(Dataset entries)
....

lemma partial_divide:
  fixes f h :: "real^'n::finite \<Rightarrow> real"
  assumes "f differentiable (at x)" "h differentiable (at x)" "h x \<noteq> 0"
  shows "partial i (\<lambda>y. f y / h y) x = (partial i f x * h x - f x * partial i h x) / (h x)\<^sup>2"
  using partial_eq_derivative[OF has_derivative_divide[OF
        assms(1,2)[THEN frechet_derivative_works[THEN iffD1]] assms(3)]] assms(3)
  by (simp add: partial_def field_simps power2_eq_square)

lemma smooth_on_differentiable:
  assumes "smooth_on U f" "open U" "x \<in> U"
  shows "f differentiable (at x)" "partial j f differentiable (at x)"
proof -
  have "(foldr partial [] f) differentiable_on U" "(foldr partial [j] f) differentiable_on U"
    using assms(1) unfolding smooth_on_def by blast+
  then show "f differentiable (at x)" "partial j f differentiable (at x)"
    using assms(2,3) differentiable_on_eq_differentiable_at by auto
qed

lemma matrix_inv_right:
  assumes "invertible A"
  shows "A ** matrix_inv A = mat 1"
  using someI_ex[OF assms[unfolded invertible_def]] unfolding matrix_inv_def by blast

lemma transpose_matrix_inv_symmetric:
  fixes A :: "'a::comm_semiring_1^'n^'n"
  assumes "invertible A" "transpose A = A"
  shows "transpose (matrix_inv A) = matrix_inv A"
proof -
  have "transpose (matrix_inv A) ** A = mat 1"
    using matrix_inv_right[OF assms(1)] assms(2) by (metis matrix_transpose_mul transpose_mat)
  then show ?thesis
    by (metis matrix_inv_right[OF assms(1)] matrix_mul_assoc matrix_mul_lid matrix_mul_rid)
qed

lemma matrix_inv_cramer:
  fixes A :: "'a::field^'n^'n"
  assumes "invertible A"
  shows "matrix_inv A $ i $ j = det (\<chi> r c. if c = i then axis j 1 $ r else A $ r $ c) / det A"
proof -
  have "A *v (matrix_inv A *v axis j 1) = axis j 1"
    by (simp add: matrix_vector_mul_assoc matrix_inv_right[OF assms])
  then have "matrix_inv A *v axis j 1
      = (\<chi> k. det (\<chi> r c. if c = k then axis j 1 $ r else A $ r $ c) / det A)"
    using cramer assms invertible_det_nz by blast
  moreover have "(matrix_inv A *v axis j 1) $ i = matrix_inv A $ i $ j"
    by (simp add: matrix_vector_mult_def axis_def if_distrib cong: if_cong)
  ultimately show ?thesis by simp
qed

lemma positive_definite_invertible:
  fixes A :: "real^'n::finite^'n"
  assumes "\<forall>v. v \<noteq> 0 \<longrightarrow> v \<bullet> (A *v v) > 0"
  shows "invertible A"
proof -
  have "\<forall>v. A *v v = 0 \<longrightarrow> v = 0"
    using assms by force
  then show ?thesis
    using matrix_left_invertible_ker invertible_left_inverse by blast
qed

lemma differentiable_transform_within_open:
  assumes "f differentiable (at x)" "open S" "x \<in> S" "\<And>y. y \<in> S \<Longrightarrow> f y = h y"
  shows "h differentiable (at x)"
  using assms has_derivative_transform_within_open unfolding differentiable_def by blast

lemma differentiable_prod:
  fixes f :: "'i \<Rightarrow> 'a::real_normed_vector \<Rightarrow> 'b::real_normed_field"
  assumes "\<And>i. i \<in> I \<Longrightarrow> f i differentiable (at x)"
  shows "(\<lambda>y. \<Prod>i\<in>I. f i y) differentiable (at x)"
proof -
  have "\<forall>i\<in>I. \<exists>D. (f i has_derivative D) (at x)"
    using assms unfolding differentiable_def by blast
  from bchoice[OF this] obtain D where "\<And>i. i \<in> I \<Longrightarrow> (f i has_derivative D i) (at x)"
    by blast
  then show ?thesis
    unfolding differentiable_def by (blast intro: has_derivative_prod)
qed

lemma det_differentiable:
  fixes M :: "'a::real_normed_vector \<Rightarrow> real^'m::finite^'m"
  assumes "\<And>i j. (\<lambda>y. M y $ i $ j) differentiable (at x)"
  shows "(\<lambda>y. det (M y)) differentiable (at x)"
  unfolding det_def
  by (intro differentiable_sum ballI differentiable_mult differentiable_const differentiable_prod
      finite_permutations assms) simp

lemma matrix_inv_differentiable:
  fixes M :: "'a::real_normed_vector \<Rightarrow> real^'m::finite^'m"
  assumes "open S" "x \<in> S" "\<And>y. y \<in> S \<Longrightarrow> invertible (M y)"
    and "\<And>i j. (\<lambda>y. M y $ i $ j) differentiable (at x)"
  shows "(\<lambda>y. matrix_inv (M y) $ i $ j) differentiable (at x)"
proof -
  have "(\<lambda>y. det (\<chi> r c. if c = i then axis j 1 $ r else M y $ r $ c)) differentiable (at x)"
  proof (rule det_differentiable)
    fix r c
    show "(\<lambda>y. (\<chi> r c. if c = i then axis j 1 $ r else M y $ r $ c) $ r $ c) differentiable (at x)"
      by (cases "c = i") (simp_all add: assms(4))
  qed
  then have "(\<lambda>y. det (\<chi> r c. if c = i then axis j 1 $ r else M y $ r $ c) / det (M y))
      differentiable (at x)"
    using det_differentiable[OF assms(4)] assms(2,3) invertible_det_nz
    by (intro differentiable_divide) auto
  then show ?thesis
    by (rule differentiable_transform_within_open[OF _ assms(1,2)])
      (simp add: matrix_inv_cramer assms(3))
qed

lemma sqrt_differentiable_at:
  fixes t :: real
  assumes "t \<noteq> 0"
  shows "sqrt differentiable (at t)"
proof -
  have "DERIV sqrt t :> (if t > 0 then inverse (sqrt t) / 2 else - inverse (sqrt t) / 2)"
    by (rule DERIV_real_sqrt_generic) (use assms in auto)
  then show ?thesis
    unfolding differentiable_def using has_field_derivative_imp_has_derivative by blast
qed

lemma riemannian_metric_on_invertible:
  "riemannian_metric_on U g \<Longrightarrow> x \<in> U \<Longrightarrow> invertible (g x)"
  unfolding riemannian_metric_on_def by (simp add: positive_definite_invertible)

lemma riemannian_metric_on_symmetric_matrix_inv:
  "riemannian_metric_on U g \<Longrightarrow> x \<in> U \<Longrightarrow> transpose (matrix_inv (g x)) = matrix_inv (g x)"
  using riemannian_metric_on_invertible transpose_matrix_inv_symmetric
  unfolding riemannian_metric_on_def by blast

lemma vol_density_nonzero:
  "riemannian_metric_on U g \<Longrightarrow> x \<in> U \<Longrightarrow> vol_density g x \<noteq> 0"
  unfolding vol_density_def using riemannian_metric_on_invertible invertible_det_nz by auto

lemma vol_density_grad_differentiable:
  assumes "open U" "riemannian_metric_on U g" "smooth_on U f" "x \<in> U"
  shows "(\<lambda>y. vol_density g y * grad g f y $ i) differentiable (at x)"
proof -
  have entries: "(\<lambda>y. g y $ i $ j) differentiable (at x)" for i j
    using assms smooth_on_differentiable(1) unfolding riemannian_metric_on_def by blast
  have "det (g x) \<noteq> 0"
    using assms(2,4) riemannian_metric_on_invertible invertible_det_nz by blast
  then have "vol_density g differentiable (at x)"
    unfolding vol_density_def[abs_def]
    using differentiable_compose[of sqrt, OF sqrt_differentiable_at det_differentiable[OF entries]]
    by blast
  moreover have "(\<lambda>y. matrix_inv (g y) $ i $ j) differentiable (at x)" for i j
    using matrix_inv_differentiable[OF assms(1,4) riemannian_metric_on_invertible[OF assms(2)]
        entries] by blast
  ultimately show ?thesis
    unfolding grad_def
    by (auto intro!: differentiable_mult differentiable_sum
        smooth_on_differentiable(2)[OF assms(3,1,4)])
qed

lemma div_vol_cong_open:
  assumes "open S" "x \<in> S" "\<And>y. y \<in> S \<Longrightarrow> A y = B y"
  shows "div_vol g A x = div_vol g B x"
  unfolding div_vol_def
  by (auto intro!: sum.cong partial_cong_open[OF assms(1,2)] simp: assms(3))
(* Let $D$ be a positive integer and let $G$ be a graph with $\Delta(G)\le D$. If $G$ is nice with respect to some maximum clique $S$ of $G^2$, then $\omega(G^2)\le \frac52 D$.
   Context: The square $G^2$ of $G$ is obtained from $G$ by adding an edge between every pair of vertices at distance 2 in $G$. A $k$-degeneracy order of a graph is an ordering of its vertices such that each vertex has at most $k$ neighbors later in the order. A graph $G$ is nice with respect to a vertex set $S$ if (a) $S$ is a clique in $G^2$, (b) $S$ is an independent set in $G$, and (c) $G$ has a 2-degeneracy order in which all vertices of $S$ appear consecutively. *)

theory Defs
  imports Main
begin

definition graph :: "'a set \<Rightarrow> ('a \<Rightarrow> 'a \<Rightarrow> bool) \<Rightarrow> bool" where
  "graph V E \<longleftrightarrow> finite V \<and> (\<forall>x y. E x y \<longrightarrow> x \<in> V \<and> y \<in> V)
     \<and> (\<forall>x y. E x y \<longrightarrow> E y x) \<and> (\<forall>x. \<not> E x x)"

definition degree :: "'a set \<Rightarrow> ('a \<Rightarrow> 'a \<Rightarrow> bool) \<Rightarrow> 'a \<Rightarrow> nat" where
  "degree V E x = card {y \<in> V. E x y}"

definition max_degree_le :: "'a set \<Rightarrow> ('a \<Rightarrow> 'a \<Rightarrow> bool) \<Rightarrow> nat \<Rightarrow> bool" where
  "max_degree_le V E D \<longleftrightarrow> (\<forall>x\<in>V. degree V E x \<le> D)"

definition square :: "('a \<Rightarrow> 'a \<Rightarrow> bool) \<Rightarrow> 'a \<Rightarrow> 'a \<Rightarrow> bool" where
  "square E x y \<longleftrightarrow> x \<noteq> y \<and> (E x y \<or> (\<exists>z. E x z \<and> E z y))"

definition clique :: "'a set \<Rightarrow> ('a \<Rightarrow> 'a \<Rightarrow> bool) \<Rightarrow> 'a set \<Rightarrow> bool" where
  "clique V E S \<longleftrightarrow> S \<subseteq> V \<and> (\<forall>x\<in>S. \<forall>y\<in>S. x \<noteq> y \<longrightarrow> E x y)"

definition max_clique :: "'a set \<Rightarrow> ('a \<Rightarrow> 'a \<Rightarrow> bool) \<Rightarrow> 'a set \<Rightarrow> bool" where
  "max_clique V E S \<longleftrightarrow> clique V E S \<and> (\<forall>T. clique V E T \<longrightarrow> card T \<le> card S)"
lemma classAplus_exponent:
  assumes "\<zeta> \<in> classAplus \<rho>"
  shows "0 < \<rho>" and "k_m \<zeta> = ereal (real_of_ereal (k_m \<zeta>))" and "0 < real_of_ereal (k_m \<zeta>)"
    and "((\<lambda>t. ln (\<zeta> t) / ln t) \<longlongrightarrow> real_of_ereal (k_m \<zeta>)) (at_right 0)"
proof -
  have \<zeta>: "\<zeta> \<in> classA \<rho>" and eq: "k_m \<zeta> = k_M \<zeta>" and pos: "0 < k_m \<zeta>"
    using assms by (auto simp: classAplus_def)
  have "eventually (\<lambda>t. 0 < ln (\<zeta> t) / ln t) (at_right 0)"
    using less_LiminfD[OF pos[unfolded k_m_def]] by simp
  then obtain t where "0 < t" "0 < ln (\<zeta> t) / ln t"
    unfolding eventually_at_right_field by (metis field_lbound_gt_zero less_numeral_extra(1))
  then have "\<zeta> t \<noteq> 0" and "0 < t" by auto
  then have "t \<in> {0..\<rho>}" using classAD(6)[OF \<zeta>] by blast
  then show \<rho>: "0 < \<rho>" using \<open>0 < t\<close> by simp
  obtain c where c: "0 < c" "\<And>t. 0 < t \<Longrightarrow> t \<le> \<rho> / 2 \<Longrightarrow> c * t \<le> \<zeta> t"
    using classA_linear_lower_bound[OF \<zeta> \<rho>] by blast
  have "eventually (\<lambda>t. ereal (ln (\<zeta> t) / ln t) \<le> 2) (at_right 0)"
    unfolding eventually_at_right_field
  proof (intro exI[of _ "min (min c (\<rho> / 2)) 1"] conjI allI impI)
    show "0 < min (min c (\<rho> / 2)) 1" using c \<rho> by auto
    fix t :: real assume t: "0 < t" "t < min (min c (\<rho> / 2)) 1"
    have "ln t < ln c" and "ln (c * t) = ln c + ln t" using t c(1) by (simp_all add: ln_mult)
    then have "2 * ln t \<le> ln (c * t)" by linarith
    also have "\<dots> \<le> ln (\<zeta> t)"
      by (rule ln_mono[OF c(2)]) (use t c(1) in simp_all)
    finally have "2 * ln t \<le> ln (\<zeta> t)" .
    moreover have "ln t < 0" using t by simp
    ultimately show "ereal (ln (\<zeta> t) / ln t) \<le> 2" by (simp add: neg_divide_le_eq mult.commute)
  qed
  then have "k_m \<zeta> \<le> 2" unfolding eq k_M_def by (rule Limsup_bounded)
  then have "\<bar>k_m \<zeta>\<bar> \<noteq> \<infinity>" using pos by (cases "k_m \<zeta>") auto
  then show k: "k_m \<zeta> = ereal (real_of_ereal (k_m \<zeta>))" by (simp add: ereal_real')
  then show "0 < real_of_ereal (k_m \<zeta>)" using pos by (metis ereal_less(2))
  have "((\<lambda>t. ereal (ln (\<zeta> t) / ln t)) \<longlongrightarrow> k_m \<zeta>) (at_right 0)"
    using eq unfolding tendsto_iff_Liminf_eq_Limsup[OF trivial_limit_at_right_real] k_m_def k_M_def
    by simp
  then show "((\<lambda>t. ln (\<zeta> t) / ln t) \<longlongrightarrow> real_of_ereal (k_m \<zeta>)) (at_right 0)"
    by (metis k lim_ereal)
qed

section \<open>Separated sets and separation rates\<close>

definition separated_sets :: "('g \<Rightarrow> 'x \<Rightarrow> 'x) \<Rightarrow> 'g set \<Rightarrow> ('x \<Rightarrow> 'x \<Rightarrow> real) \<Rightarrow> real \<Rightarrow> 'x set set"
  where "separated_sets T F r eps = {S. finite S \<and>
      (\<forall>x\<in>S. \<forall>y\<in>S. x \<noteq> y \<longrightarrow> Max ((\<lambda>g. r (T g x) (T g y)) ` F) > eps)}"

lemma sep_num_eq_Sup_card: "sep_num T F r eps = Sup ((\<lambda>S. real (card S)) ` separated_sets T F r eps)"
  unfolding sep_num_def separated_sets_def by (simp only: setcompr_eq_image mem_Collect_eq)

lemma mem_separated_sets_iff:
  assumes "finite F" "F \<noteq> {}"
  shows "S \<in> separated_sets T F r eps \<longleftrightarrow> finite S \<and>
      (\<forall>x\<in>S. \<forall>y\<in>S. x \<noteq> y \<longrightarrow> (\<exists>g\<in>F. eps < r (T g x) (T g y)))"
  using assms by (simp add: separated_sets_def Max_gr_iff)

lemma separated_sets_mono:
  assumes "finite F" "F \<noteq> {}" "\<And>a b. e1 < r1 a b \<Longrightarrow> e2 < r2 a b"
  shows "separated_sets T F r1 e1 \<subseteq> separated_sets T F r2 e2"
  using assms(3) unfolding subset_iff mem_separated_sets_iff[OF assms(1,2)] by blast

lemma bdd_above_card_separated_sets:
  fixes T :: "'g \<Rightarrow> 'x::metric_space \<Rightarrow> 'x"
  assumes cpt: "compact (UNIV :: 'x set)" and cont: "\<And>g. continuous_on UNIV (T g)"
    and F: "finite F" "F \<noteq> {}" and eps: "0 < eps"
  shows "bdd_above ((\<lambda>S. real (card S)) ` separated_sets T F dist eps)"
proof -
  define U where "U c = (\<Inter>g\<in>F. T g -` ball (T g c) (eps / 2))" for c
  have "open (U c)" for c
    unfolding U_def using F(1) cont by (intro open_INT ballI open_vimage) auto
  moreover have "UNIV \<subseteq> (\<Union>c. U c)"
    using eps by (auto simp: U_def intro!: UN_I)
  ultimately obtain C where C: "finite C" "UNIV \<subseteq> (\<Union>c\<in>C. U c)"
    using compactE_image[OF cpt] by metis
  define center where "center s = (SOME c. c \<in> C \<and> s \<in> U c)" for s
  have center: "center s \<in> C" "s \<in> U (center s)" for s
    using someI_ex[of "\<lambda>c. c \<in> C \<and> s \<in> U c"] C(2) unfolding center_def by blast+
  have "card S \<le> card C" if S: "S \<in> separated_sets T F dist eps" for S
  proof (rule card_inj_on_le[OF _ _ C(1)])
    show "inj_on center S"
    proof (rule inj_onI, rule ccontr)
      fix x y assume xy: "x \<in> S" "y \<in> S" "center x = center y" "x \<noteq> y"
      then obtain g where g: "g \<in> F" "eps < dist (T g x) (T g y)"
        using S F by (auto simp: mem_separated_sets_iff)
      have "dist (T g (center x)) (T g x) < eps / 2" "dist (T g (center x)) (T g y) < eps / 2"
        using center(2)[of x] center(2)[of y] g(1) xy(3) by (auto simp: U_def)
      then show False
        using g(2) dist_triangle3[of "T g x" "T g y" "T g (center x)"] by linarith
    qed
  qed (use center(1) in auto)
  then show ?thesis by (intro bdd_aboveI[of _ "real (card C)"]) auto
qed

lemma sep_num_mono:
  assumes bdd: "bdd_above ((\<lambda>S. real (card S)) ` separated_sets T F r2 e2)"
    and sub: "separated_sets T F r1 e1 \<subseteq> separated_sets T F r2 e2"
  shows "1 \<le> sep_num T F r1 e1" and "sep_num T F r1 e1 \<le> sep_num T F r2 e2"
proof -
  have sing: "{x} \<in> separated_sets T F r1 e1" for x by (simp add: separated_sets_def)
  let ?C = "\<lambda>r e. (\<lambda>S. real (card S)) ` separated_sets T F r e"
  have sub': "?C r1 e1 \<subseteq> ?C r2 e2" using sub by (rule image_mono)
  have "1 \<in> ?C r1 e1" using sing[of undefined] by force
  then show "1 \<le> sep_num T F r1 e1"
    unfolding sep_num_eq_Sup_card by (rule cSup_upper[OF _ bdd_above_mono[OF bdd sub']])
  show "sep_num T F r1 e1 \<le> sep_num T F r2 e2"
    unfolding sep_num_eq_Sup_card using \<open>1 \<in> ?C r1 e1\<close> by (intro cSup_subset_mono[OF _ bdd sub']) auto
qed

definition sep_rate :: "(nat \<Rightarrow> 'g set) \<Rightarrow> ('g \<Rightarrow> 'x \<Rightarrow> 'x) \<Rightarrow> ('x \<Rightarrow> 'x \<Rightarrow> real) \<Rightarrow> real \<Rightarrow> ereal"
  where "sep_rate F T r eps = limsup (\<lambda>n. ereal (ln (sep_num T (F n) r eps) / real (card (F n))))"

....

**Work instructions:** Using the records above, say how many lines contain the word "longleftrightarrow". Write the number alone.

**Response:** 6